# Exercise brief:
Exactly the line with "imports Main" and the lines that follow it, through the closing line of the entries, should be restated, with nothing left out or added.

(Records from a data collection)
____

(* Let $\lambda$ be an uncountable regular cardinal, and suppose $S=\langle I\times\kappa,\mathcal{R}\rangle$ is a $\lambda$-system with no cofinal branch. Suppose $\mathrm{width}(S)=\kappa'$. Then there is a $\lambda$-system $S'=\langle I\times\kappa',\mathcal{R}'\rangle$ with no cofinal branch such that $|\mathcal{R}'|=1$.
   Context: A binary relation $R$ is tree-like if whenever $a<_Rc$ and $b<_Rc$, then $a,b$ are $R$-comparable ($a=b$, $a<_Rb$ or $b<_Ra$). For a cardinal $0<\kappa<\lambda$, a $\lambda$-system $\langle I\times\kappa,\mathcal{R}\rangle$ consists of an unbounded $I\subseteq\lambda$ (levels $S_\alpha=\{\alpha\}\times\kappa$, $\alpha\in I$) and a set $\mathcal{R}$ of binary, transitive, tree-like relations on $I\times\kappa$ with $0<|\mathcal{R}|<\lambda$, such that if $(\alpha_0,\beta_0)<_R(\alpha_1,\beta_1)$ for $R\in\mathcal{R}$ then $\alpha_0<\alpha_1$, and for all $\alpha_0<\alpha_1$ in $I$ there are $\beta_0,\beta_1<\kappa$ and $R\in\mathcal{R}$ with $(\alpha_0,\beta_0)<_R(\alpha_1,\beta_1)$. $\mathrm{width}(S)=\max(\kappa,|\mathcal{R}|)$. A branch through $R\in\mathcal{R}$ is a set of pairwise $R$-comparable elements; it is cofinal if it meets $S_\alpha$ for unboundedly many $\alpha\in I$; $S$ has a cofinal branch if some $R\in\mathcal{R}$ has a cofinal branch. *)

theory Defs
  imports Main
begin

text \<open>Cardinals are represented by cardinal orders (library: Card_order,
card_of, ordLess2, ordLeq2, ordIso2, regularCard). The cardinal lambda is a
cardinal well-order lam; its ordinals are the elements of Field lam, with
non-strict order lam. A cardinal kappa is represented by a set K of
cardinality kappa; levels are {alpha} \<times> K.\<close>

definition tree_like :: "'b rel \<Rightarrow> bool" where
  "tree_like R \<longleftrightarrow> (\<forall>a b c. (a, c) \<in> R \<and> (b, c) \<in> R \<longrightarrow> a = b \<or> (a, b) \<in> R \<or> (b, a) \<in> R)"

definition unbounded_in :: "'a rel \<Rightarrow> 'a set \<Rightarrow> bool" where
  "unbounded_in lam I \<longleftrightarrow> I \<subseteq> Field lam \<and> (\<forall>\<alpha>\<in>Field lam. \<exists>\<beta>\<in>I. (\<alpha>, \<beta>) \<in> lam)"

____

# Solution to this problem:
  imports Main
begin

text \<open>Cardinals are represented by cardinal orders (library: Card_order,
card_of, ordLess2, ordLeq2, ordIso2, regularCard). The cardinal lambda is a
cardinal well-order lam; its ordinals are the elements of Field lam, with
non-strict order lam. A cardinal kappa is represented by a set K of
cardinality kappa; levels are {alpha} \<times> K.\<close>

definition tree_like :: "'b rel \<Rightarrow> bool" where
  "tree_like R \<longleftrightarrow> (\<forall>a b c. (a, c) \<in> R \<and> (b, c) \<in> R \<longrightarrow> a = b \<or> (a, b) \<in> R \<or> (b, a) \<in> R)"

definition unbounded_in :: "'a rel \<Rightarrow> 'a set \<Rightarrow> bool" where
  "unbounded_in lam I \<longleftrightarrow> I \<subseteq> Field lam \<and> (\<forall>\<alpha>\<in>Field lam. \<exists>\<beta>\<in>I. (\<alpha>, \<beta>) \<in> lam)"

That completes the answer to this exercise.